Abstract

Modeling a well's production response from a fracture stimulation design is a science. There are several commercial computer software packages that link fracture propagation models to reservoir simulation models. Data requirements to use these software packages include descriptions of fracture fluid behavior, rock mechanical properties, vertical stress distributions, and reservoir characteristics. There are many case histories that illustrate the adequacy of these models to predict economic outcomes. However, these models are not able to predict the production response resulting from the fracture (re)-stimulation where no input data is available. This particular situation exists for wells drilled prior to 1950.

Oil and gas development in the Texas Hugoton and West Panhandle Fields began in the 1920's. Many gas wells in these fields were originally stimulated with nitroglycerin or gelled naphtha and proppant Strip logs recorded by drillers and geologists provide most of the sub-surface information available in this area. A decision to initiate a stimulation and/or restimulation program for old wells in these fields would necessarily have to come initially from intuitive judgment. Results from the initial program cant be useful to help predict the outcome of future (re)-stimulation programs.
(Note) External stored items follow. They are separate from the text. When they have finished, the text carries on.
lemma sum_word_prob_snoc:
  "(\<Sum>x\<in>words (Suc n). word_prob P d s x * g x)
    = (\<Sum>x\<in>words n. word_prob P d s x * (\<Sum>c\<in>UNIV. P (run d s x) c * g (x @ [c])))"
  by (simp add: sum_words_snoc word_prob_append sum_distrib_left mult.assoc)

lemma sum_state_dist_Suc:
  "(\<Sum>s'\<in>UNIV. state_dist P d s0 (Suc n) s' * h s')
    = (\<Sum>s\<in>UNIV. state_dist P d s0 n s * (\<Sum>c\<in>UNIV. P s c * h (d s c)))"
proof -
  have "(\<Sum>s'\<in>UNIV. state_dist P d s0 (Suc n) s' * h s')
      = (\<Sum>s'\<in>UNIV. \<Sum>s\<in>UNIV. \<Sum>c\<in>UNIV.
          state_dist P d s0 n s * P s c * (if s' = d s c then 1 else 0) * h s')"
    by (simp only: state_dist.simps sum_distrib_right)
  also have "\<dots> = (\<Sum>s\<in>UNIV. \<Sum>s'\<in>UNIV. \<Sum>c\<in>UNIV.
          state_dist P d s0 n s * P s c * (if s' = d s c then 1 else 0) * h s')"
    by (rule sum.swap)
  also have "\<dots> = (\<Sum>s\<in>UNIV. \<Sum>c\<in>UNIV. \<Sum>s'\<in>UNIV.
          state_dist P d s0 n s * P s c * (if s' = d s c then 1 else 0) * h s')"
    by (rule sum.cong[OF refl], rule sum.swap)
  also have "\<dots> = (\<Sum>s\<in>UNIV. \<Sum>c\<in>UNIV. state_dist P d s0 n s * P s c * h (d s c))"
    by (simp add: if_distrib[of "\<lambda>x. _ * x * _"] cong: if_cong)
  also have "\<dots> = (\<Sum>s\<in>UNIV. state_dist P d s0 n s * (\<Sum>c\<in>UNIV. P s c * h (d s c)))"
    by (simp add: sum_distrib_left mult.assoc)
  finally show ?thesis .
qed

lemma sum_word_prob_run:
  "(\<Sum>x\<in>words n. word_prob P d s0 x * h (run d s0 x)) = (\<Sum>s\<in>UNIV. state_dist P d s0 n s * h s)"
proof (induction n arbitrary: h)
  case 0
  have "words 0 = {[]}"
    by auto
  then show ?case
    by (simp add: run_def if_distrib[of "\<lambda>x. x * _"] cong: if_cong)
next
  case (Suc n)
  then show ?case
    by (simp add: sum_word_prob_snoc run_snoc sum_state_dist_Suc del: state_dist.simps)
qed

lemma sum_word_prob_step:
  assumes "is_cond_dist P" and "t < T"
  shows "(\<Sum>x\<in>words T. word_prob P d s0 x * h (run d s0 (take t x)) (x ! t))
    = (\<Sum>s\<in>UNIV. state_dist P d s0 t s * (\<Sum>c\<in>UNIV. P s c * h s c))"
proof -
  obtain m where T: "T = Suc t + m"
    using \<open>t < T\<close> less_imp_Suc_add by blast
  let ?g = "\<lambda>x. h (run d s0 (take t x)) (x ! t)"
  have "(\<Sum>x\<in>words T. word_prob P d s0 x * ?g x)
      = (\<Sum>x\<in>words (Suc t + m). word_prob P d s0 x * ?g (take (Suc t) x))"
    by (rule sum.cong) (auto simp: T)
  also have "\<dots> = (\<Sum>x\<in>words (Suc t). word_prob P d s0 x * ?g x)"
    by (rule sum_word_prob_prefix[OF assms(1)])
  also have "\<dots> = (\<Sum>x\<in>words t. word_prob P d s0 x * (\<Sum>c\<in>UNIV. P (run d s0 x) c * h (run d s0 x) c))"
    unfolding sum_word_prob_snoc by (intro sum.cong refl) (simp add: nth_append)
  also have "\<dots> = (\<Sum>s\<in>UNIV. state_dist P d s0 t s * (\<Sum>c\<in>UNIV. P s c * h s c))"
    by (rule sum_word_prob_run)
  finally show ?thesis .
qed

lemma abs_mult_diff_le:
  fixes p q a b :: real
  assumes "0 \<le> a" and "0 \<le> q"
  shows "\<bar>p * a - q * b\<bar> \<le> \<bar>p - q\<bar> * a + q * \<bar>a - b\<bar>"
proof -
  have "\<bar>p * a - q * b\<bar> = \<bar>(p - q) * a + q * (a - b)\<bar>"
    by (simp add: algebra_simps)
  also have "\<dots> \<le> \<bar>p - q\<bar> * a + q * \<bar>a - b\<bar>"
    using abs_triangle_ineq[of "(p - q) * a" "q * (a - b)"] assms by (simp add: abs_mult)
  finally show ?thesis .
qed

lemma sum_abs_word_prob_diff_le:
  assumes P: "is_cond_dist P" and Q: "is_cond_dist Q" and TV_le: "\<And>s. TV (P s) (Q s) \<le> e"
  shows "(\<Sum>x\<in>words n. \<bar>word_prob P d s x - word_prob Q d s x\<bar>) \<le> real n * e"
proof (induction n arbitrary: s)
  case 0
  then show ?case by simp
next
  case (Suc n)
  let ?p = "\<lambda>c x. word_prob P d (d s c) x" and ?q = "\<lambda>c x. word_prob Q d (d s c) x"
  have "(\<Sum>x\<in>words (Suc n). \<bar>word_prob P d s x - word_prob Q d s x\<bar>)
      = (\<Sum>c\<in>UNIV. \<Sum>x\<in>words n. \<bar>P s c * ?p c x - Q s c * ?q c x\<bar>)"
    by (simp add: sum_words_Suc)
  also have "\<dots> \<le> (\<Sum>c\<in>UNIV. \<Sum>x\<in>words n. \<bar>P s c - Q s c\<bar> * ?p c x + Q s c * \<bar>?p c x - ?q c x\<bar>)"
    using Q word_prob_nonneg[OF P]
    by (intro sum_mono abs_mult_diff_le) (auto simp: is_cond_dist_def)
  also have "\<dots> = (\<Sum>c\<in>UNIV. \<bar>P s c - Q s c\<bar>
      + Q s c * (\<Sum>x\<in>words n. \<bar>?p c x - ?q c x\<bar>))"
    by (simp add: sum.distrib sum_distrib_left[symmetric] sum_word_prob_eq_1[OF P])
  also have "\<dots> \<le> (\<Sum>c\<in>UNIV. \<bar>P s c - Q s c\<bar> + Q s c * (real n * e))"
    using Suc Q by (intro sum_mono add_left_mono mult_left_mono) (auto simp: is_cond_dist_def)
  also have "\<dots> = TV (P s) (Q s) + real n * e"
    using Q by (simp add: sum.distrib TV_def sum_distrib_right[symmetric] is_cond_dist_def)
  also have "\<dots> \<le> real (Suc n) * e"
    using TV_le[of s] by (simp add: algebra_simps)
  finally show ?case .
qed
Presented in this paper are the results obtained from the (re)-stimulation of 62 gas wells in the Texas Hugoton and West Panhandle Fields. These results will provide a basis to model the uncertainty of (re)-stimulating similar old wells. The model relates the economic uncertainty to incremental production rate increases, incremental reserves and chance estimates when considering (re)-stimulation in the Texas Hugoton and West Panhandle Fields.

Introduction

Oil and gas exploration and development in Moore and Sherman Counties of the Texas Panhandle began in the 1920's, with the prolific Texas Hugoton and West Panhandle Gas Fields discovered while operators drilled approximately 3,000 feet deep to the Wolfcampian aged, Brown Dolomite formation in search of oil. Over the past seven decades these mature gas fields have typically produced 5 to 50 BCF per well, at an approximate well density of one well per 640 acres.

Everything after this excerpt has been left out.